Recent changes on the U.S. Supreme Court mean reproductive rights once again face perilous legal challenges at the federal level. Renée Ann Cramer brings deep archival research and personal narratives to “Birthing a Movement” (Feb. 16). At its crux, the book examines the connections between activism and inconsistent state laws to make the case for federal regulation.

By Melissa Febos
(Bloomsbury Publishing; 336 pages; $27)

Melissa Febos’ latest book is a memoir, but it also serves as a history lesson of sorts. In “Girlhood,” (March 30), an illustrated essay collection, she picks at the ways women are taught to be “female” — and what it means to remove oneself from such expectations. Febos’ lyrical, meditative writing makes it all the easier to ponder her critical questions and explorations.

‘Central America’s Forgotten History: Revolution, Violence, and the Roots of Migration’
By Aviva Chomsky
(Beacon Press; 296 pages; $26.95)

The Central American migration crisis remains a focal point in the ongoing debate about exploitation and moral obligation.

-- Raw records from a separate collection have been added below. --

(* Let $H$ be a real symmetric $n\times n$ matrix and $t_0\in\mathbb{R}$ such that $|\langle 1|e^{it_0H}|2\rangle|=1$. Then there exist $\theta\in\mathbb{R}$, integers $0\le \ell\le m\le n$, a real orthogonal matrix $\tilde Q$, and a real diagonal matrix \[ \tilde D=\pi\,\mathrm{diag}(r_1,\dots,r_\ell,r_{\ell+1},\dots,r_m,r_{m+1},\dots,r_n) \] with $r_1\ge\cdots\ge r_\ell$ positive even integers, $r_{\ell+1}\ge\cdots\ge r_m$ positive odd integers (and $r_{m+1},\dots,r_n$ real), such that $t_0H=\tilde Q^T\tilde D\tilde Q+\theta I$, and such that the first two rows of $\tilde Q^T$ have the form $(x_1,\dots,x_m,0,\dots,0)$ and $(x_1,\dots,x_\ell,-x_{\ell+1},\dots,-x_m,0,\dots,0)$ respectively, with $x_1,\dots,x_m\ge 0$.
   Context: $\langle 1|M|2\rangle$ denotes the $(1,2)$ entry of a matrix $M$. *)

theory Defs
  imports Complex_Main "Jordan_Normal_Form.Matrix"
begin

definition mat_exp :: "complex mat \<Rightarrow> complex mat" where
  "mat_exp A = mat (dim_row A) (dim_col A) (\<lambda>(i,j). \<Sum>k. (A ^\<^sub>m k) $$ (i,j) / of_nat (fact k))"

end

theory Submission
  imports Defs "Jordan_Normal_Form.Char_Poly"
begin

text \<open>
  Diagonalise t0 H = Q0^T diag(\<mu>) Q0 by the spectral theorem. The entry (1,2) of
  exp(i t0 H) is then the sum over j of a_j b_j exp(i \<mu>_j), where a and b are the first
  two columns of Q0, both unit vectors. If this sum has modulus 1 and phase \<theta>, then
  the sum of a_j b_j cos(\<mu>_j - \<theta>) equals 1, which is the sum of (a_j^2 + b_j^2)/2; as
  every summand of the difference is nonnegative, a_j^2 + b_j^2 = 2 a_j b_j cos(\<mu>_j - \<theta>)
  for each j. So either a_j = b_j = 0, or a_j = b_j \<noteq> 0 and \<mu>_j - \<theta> is an even
  multiple of \<pi>, or a_j = -b_j \<noteq> 0 and \<mu>_j - \<theta> is an odd multiple of \<pi>. Lowering \<theta>
  by a multiple of 2\<pi> makes all these multiples positive; listing the eigenvectors of
  the second kind, then of the third kind, then the rest, each block by decreasing
  eigenvalue, and flipping signs so that a_j \<ge> 0 gives the required Q.
\<close>

section \<open>Orthogonal matrices\<close>

lemma index_mult_mat_lessThan:
  assumes "A \<in> carrier_mat nr k" "B \<in> carrier_mat k nc" "i < nr" "j < nc"
  shows "(A * B) $$ (i,j) = (\<Sum>c<k. A $$ (i,c) * B $$ (c,j))"
  using assms by (simp add: scalar_prod_def atLeast0LessThan)

lemma index_transpose_mult_mat:
  assumes "A \<in> carrier_mat n m" "B \<in> carrier_mat n m'" "a < m" "b < m'"
  shows "(transpose_mat A * B) $$ (a,b) = (\<Sum>j<n. A $$ (j,a) * B $$ (j,b))"
  using assms by (subst index_mult_mat_lessThan[of _ m n _ m']) auto

lemma index_mult_transpose_mat:
  assumes "A \<in> carrier_mat m n" "B \<in> carrier_mat m' n" "a < m" "b < m'"
  shows "(A * transpose_mat B) $$ (a,b) = (\<Sum>j<n. A $$ (a,j) * B $$ (b,j))"
  using assms by (subst index_mult_mat_lessThan[of _ m n _ m']) auto

lemma index_transpose_diag_mult_mat:
  assumes Q: "Q \<in> carrier_mat n m" and "a < m" "b < m"
  shows "(transpose_mat Q * mat_diag n f * Q) $$ (a,b) = (\<Sum>j<n. Q $$ (j,a) * f j * Q $$ (j,b))"
proof -
  have "transpose_mat Q * mat_diag n f = mat m n (\<lambda>(i,j). Q $$ (j,i) * f j)"
    using Q by (subst mat_diag_mult_right[of _ m]) auto
  then show ?thesis
    using assms by (subst index_mult_mat_lessThan[of _ m n _ m]) auto
qed

lemma symmetric_mat_index:
  assumes "A \<in> carrier_mat n n" "transpose_mat A = A" "i < n" "j < n"
  shows "A $$ (j,i) = A $$ (i,j)"
  using assms by (metis carrier_matD index_transpose_mat(1))

text \<open>Unlike \<open>orthogonal_mat\<close> of the matrix library, which only asks for pairwise
  orthogonal nonzero columns, this is the usual notion Q^T Q = Q Q^T = 1.\<close>

definition orth_mat :: "nat \<Rightarrow> 'a :: comm_ring_1 mat \<Rightarrow> bool" where
  "orth_mat n Q \<longleftrightarrow>
     Q \<in> carrier_mat n n \<and> transpose_mat Q * Q = 1\<^sub>m n \<and> Q * transpose_mat Q = 1\<^sub>m n"

lemma orth_mat_carrier: "orth_mat n Q \<Longrightarrow> Q \<in> carrier_mat n n"
  unfolding orth_mat_def by simp

lemma orth_mat_mult:
  assumes "orth_mat n A" "orth_mat n B"
  shows "orth_mat n (A * B)"
proof -
  have A: "A \<in> carrier_mat n n" "transpose_mat A * A = 1\<^sub>m n" "A * transpose_mat A = 1\<^sub>m n"
   and B: "B \<in> carrier_mat n n" "transpose_mat B * B = 1\<^sub>m n" "B * transpose_mat B = 1\<^sub>m n"
    using assms unfolding orth_mat_def by auto
  have tA: "transpose_mat A \<in> carrier_mat n n" and tB: "transpose_mat B \<in> carrier_mat n n"
    using A B by auto
  have "transpose_mat (A * B) * (A * B) = transpose_mat B * ((transpose_mat A * A) * B)"
    using A(1) B(1) tA tB by (simp add: transpose_mult assoc_mult_mat[of _ n n _ n _ n])
  also have "\<dots> = 1\<^sub>m n"
    unfolding A(2) using B by simp
  finally have left: "transpose_mat (A * B) * (A * B) = 1\<^sub>m n" .
  have "(A * B) * transpose_mat (A * B) = A * ((B * transpose_mat B) * transpose_mat A)"
    using A(1) B(1) tA tB by (simp add: transpose_mult assoc_mult_mat[of _ n n _ n _ n])
  also have "\<dots> = 1\<^sub>m n"
    unfolding B(3) using A by simp
  finally show ?thesis
    using A B left unfolding orth_mat_def by simp
qed

lemma orth_mat_col_sum_sq:
  fixes Q :: "real mat"
  assumes "orth_mat n Q" "c < n"
  shows "(\<Sum>j<n. (Q $$ (j,c))\<^sup>2) = 1"
  using assms index_transpose_mult_mat[of Q n n Q n c c]
  unfolding orth_mat_def by (simp add: power2_eq_square)

lemma transpose_four_block_diag:
  assumes "C \<in> carrier_mat m m" "R \<in> carrier_mat n n"
  shows "transpose_mat (four_block_mat C (0\<^sub>m m n) (0\<^sub>m n m) R)
    = four_block_mat (transpose_mat C) (0\<^sub>m m n) (0\<^sub>m n m) (transpose_mat R)"
  using assms by (simp add: transpose_four_block_mat[of _ m m _ n _ n])

lemma mult_four_block_diag:
  fixes C D R S :: "'a :: semiring_0 mat"
  assumes "C \<in> carrier_mat m m" "D \<in> carrier_mat m m" "R \<in> carrier_mat n n" "S \<in> carrier_mat n n"
  shows "four_block_mat C (0\<^sub>m m n) (0\<^sub>m n m) R * four_block_mat D (0\<^sub>m m n) (0\<^sub>m n m) S
    = four_block_mat (C * D) (0\<^sub>m m n) (0\<^sub>m n m) (R * S)"
  using assms by (simp add: mult_four_block_mat[of _ m m _ n _ n _ _ m _ n])

lemma orth_mat_four_block_diag:
  assumes "orth_mat m C" "orth_mat n R"
  shows "orth_mat (m + n) (four_block_mat C (0\<^sub>m m n) (0\<^sub>m n m) R)"
  using assms unfolding orth_mat_def
  by (simp add: transpose_four_block_diag mult_four_block_diag)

Chomsky, a professor of history at Salem State University, comes from a line of distinguished thinkers. Her parents are linguists Noam and Carol Chomsky. Consider “Central America’s Forgotten History” (April 20) an educational primer on the past and a tool for moving forward. Chomsky’s sharp eye for detail takes readers as far back as the Spanish conquest to study, among other topics, the direct impact of U.S. interventions and policies.